Current AI isn't really intelligent at all. It's essentially just a search engine combined with that robot voice from TikTok videos. Of course it's more complicated than that but it helps to illustrate the point, which is that the AI you've interacted with thus far don't know if they're right about what they tell you. They're just hoping the answer they found was correct and stating it in an authoritative way that can confuse people who don't know the real answer to the question it was trying to answer.
Actual AI will be able to reason out correct answers from incomplete information and solve complex mathematical equations very quickly. Being able to solve basic math problems without just searching it's database for the correct answer is an important step towards real intelligence. It means we're no longer dealing with a hard drive attached to an answering machine, we're dealing with something that can process information in basically the same way we do, which opens up all sorts of awkward moral and philosophical questions.
Not sure about this upcoming development, but they had the math part solved already via a Wolfram Alpha plugin which integrated into ChatGPT. As you may already know, Wolfram can already solve complex math problems with just a natural language input, so this isn't anything revolutionary.
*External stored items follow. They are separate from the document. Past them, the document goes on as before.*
lemma jtrace_branch_deriv:
  "((\<lambda>\<delta>. jtrace (field \<theta> \<eta> \<epsilon> \<delta>) (branch \<delta>)) has_real_derivative
      acoef \<theta> \<eta> 2 0 * (\<eta> / (2 * (1 - ds)^2 * um))) (at ds)"
proof -
  have "(fold_quartic \<theta> \<eta> has_real_derivative acoef \<theta> \<eta> 2 0) (at (branch_u ds))"
    using fold_quartic_deriv[of um \<theta> \<eta>] um_nonzero
    by (simp add: fold_quartic_um branch_u_ds acoef_def v_m_def)
  from DERIV_chain2[OF this branch_u_deriv]
  show ?thesis
    by (rule has_field_derivative_transform_within_open[of _ _ _ "{0<..<1}"])
       (use ds_bounds jtrace_branch in auto)
qed

lemma jac_fold: "jac (field \<theta> \<eta> \<epsilon> ds) (um, vm) = antidiag (- (um^2)) (\<epsilon> * bcoef \<theta> \<eta> 1 0)"
  using a10_zero ds_equilibrium
  unfolding jac_field antidiag_def acoef_def bcoef_def pdn_fm(1) pdn_gm(1)
  by (simp add: fun_eq_iff algebra_simps)

lemma hopf_freq_fold: "hopf_freq (field \<theta> \<eta> \<epsilon> ds) (um, vm) = sqrt (\<epsilon> * (um^2 * bcoef \<theta> \<eta> 1 0))"
  unfolding hopf_freq_def jdet_def jac_fold by (simp add: antidiag_def algebra_simps)

lemma hopf_freq_fold_tendsto_0: "((\<lambda>\<epsilon>. hopf_freq (field \<theta> \<eta> \<epsilon> ds) (um, vm)) \<longlongrightarrow> 0) (at_right 0)"
  unfolding hopf_freq_fold by (auto intro!: tendsto_eq_intros)

lemma hopf_point_fold:
  assumes "\<epsilon> > 0"
  shows "hopf_point (\<lambda>\<delta>. field \<theta> \<eta> \<epsilon> \<delta>) branch ds"
  unfolding hopf_point_def
proof (intro conjI)
  show "\<exists>r>0. \<forall>\<mu>. \<bar>\<mu> - ds\<bar> < r \<longrightarrow> field \<theta> \<eta> \<epsilon> \<mu> (fst (branch \<mu>)) (snd (branch \<mu>)) = (0, 0)"
    using ds_bounds field_branch by (intro exI[of _ "min ds (1 - ds)"]) (auto simp: abs_less_iff)
  show "jtrace (field \<theta> \<eta> \<epsilon> ds) (branch ds) = 0"
    using jtrace_branch ds_bounds by (simp add: branch_u_ds fold_quartic_um)
  show "jdet (field \<theta> \<eta> \<epsilon> ds) (branch ds) > 0"
    using assms um_nonzero b10_pos
    by (simp add: branch_ds jdet_def jac_fold antidiag_def)
  show "\<exists>d. d \<noteq> 0 \<and> ((\<lambda>\<mu>. jtrace (field \<theta> \<eta> \<epsilon> \<mu>) (branch \<mu>)) has_real_derivative d) (at ds)"
  proof (intro exI conjI)
    show "acoef \<theta> \<eta> 2 0 * (\<eta> / (2 * (1 - ds)^2 * um)) \<noteq> 0"
      using a20_nonzero um_nonzero eta_pos ds_bounds by simp
  qed (rule jtrace_branch_deriv)
qed

lemma lyap1_fold:
  assumes "\<epsilon> > 0"
  shows "lyap1 (field \<theta> \<eta> \<epsilon> ds) (um, vm) = Acoef \<theta> \<eta> /
           (4 * bcoef \<theta> \<eta> 1 0 * (um^2 + \<epsilon> * bcoef \<theta> \<eta> 1 0) * hopf_freq (field \<theta> \<eta> \<epsilon> ds) (um, vm))"
proof -
  have neg: "- (um^2) * (\<epsilon> * bcoef \<theta> \<eta> 1 0) < 0"
    using assms um_nonzero b10_pos by simp
  have B: "Bform (field \<theta> \<eta> \<epsilon> ds) (um, vm) = affine_v_bilin (acoef \<theta> \<eta> 2 0) (acoef \<theta> \<eta> 1 1)
      (\<epsilon> * bcoef \<theta> \<eta> 2 0) (\<epsilon> * bcoef \<theta> \<eta> 1 1)"
    unfolding Bform_field acoef_def bcoef_def ..
  have C: "Cform (field \<theta> \<eta> \<epsilon> ds) (um, vm) = affine_v_trilin (acoef \<theta> \<eta> 3 0) (acoef \<theta> \<eta> 2 1)
      (\<epsilon> * bcoef \<theta> \<eta> 3 0) (\<epsilon> * bcoef \<theta> \<eta> 2 1)"
    unfolding Cform_field acoef_def bcoef_def ..
  note L = lyap1_antidiag[OF jac_fold neg B C]
  have cross: "bcoef \<theta> \<eta> 1 0 * bcoef \<theta> \<eta> 2 1 = bcoef \<theta> \<eta> 1 1 * bcoef \<theta> \<eta> 2 0"
    unfolding bcoef_def gm_affine_v by (rule pdn_affine_v_0_cross)
  have a01: "acoef \<theta> \<eta> 0 1 = - (um^2)"
    unfolding acoef_def pdn_fm(1) ..
  have cross0: "\<epsilon> * bcoef \<theta> \<eta> 1 0 * (\<epsilon> * bcoef \<theta> \<eta> 2 1) - \<epsilon> * bcoef \<theta> \<eta> 1 1 * (\<epsilon> * bcoef \<theta> \<eta> 2 0) = 0"
    using cross by (simp add: algebra_simps)
  have rad: "- (- (um^2) * (\<epsilon> * bcoef \<theta> \<eta> 1 0)) = \<epsilon> * (um^2 * bcoef \<theta> \<eta> 1 0)"
    by simp
  have den: "(- (um^2))^2 - - (um^2) * (\<epsilon> * bcoef \<theta> \<eta> 1 0) = um^2 * (um^2 + \<epsilon> * bcoef \<theta> \<eta> 1 0)"
    by (simp add: algebra_simps power2_eq_square)
  have "um^2 + \<epsilon> * bcoef \<theta> \<eta> 1 0 > 0" "\<epsilon> * (um^2 * bcoef \<theta> \<eta> 1 0) > 0"
    using assms um_nonzero b10_pos by (simp_all add: add_pos_pos)
  then show ?thesis
    unfolding L hopf_freq_fold Acoef_def a01 cross0 rad den
    apply (subst frac_eq_eq)
    using assms um_nonzero b10_pos apply simp_all
    apply (simp add: algebra_simps power2_eq_square)
    done
qed

lemma sgn_lyap1_fold:
  assumes "\<epsilon> > 0"
  shows "sgn (lyap1 (field \<theta> \<eta> \<epsilon> ds) (um, vm)) = sgn (Acoef \<theta> \<eta>)"
proof -
  have "um^2 + \<epsilon> * bcoef \<theta> \<eta> 1 0 > 0" "\<epsilon> * (um^2 * bcoef \<theta> \<eta> 1 0) > 0"
    using assms um_nonzero b10_pos by (simp_all add: add_pos_pos)
  then have "4 * bcoef \<theta> \<eta> 1 0 * (um^2 + \<epsilon> * bcoef \<theta> \<eta> 1 0) * hopf_freq (field \<theta> \<eta> \<epsilon> ds) (um, vm) > 0"
    using b10_pos by (simp add: hopf_freq_fold)
  then show ?thesis
    unfolding lyap1_fold[OF assms] by simp
qed

end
What would be revolutionary though is if it applied that same sort of logic beyond math, like towards language (and visual) outputs and be able to fact check, or at the very least, not contradict itself or hallucinate like it does sometimes.
It's not a terribly complicated idea, really. You can train it to output formatted calculations when presented with a problem, then something in the middle watches for those and inserts the solution for it behind the scenes. You might even trigger another generation to let it appear more smooth when presented to the user.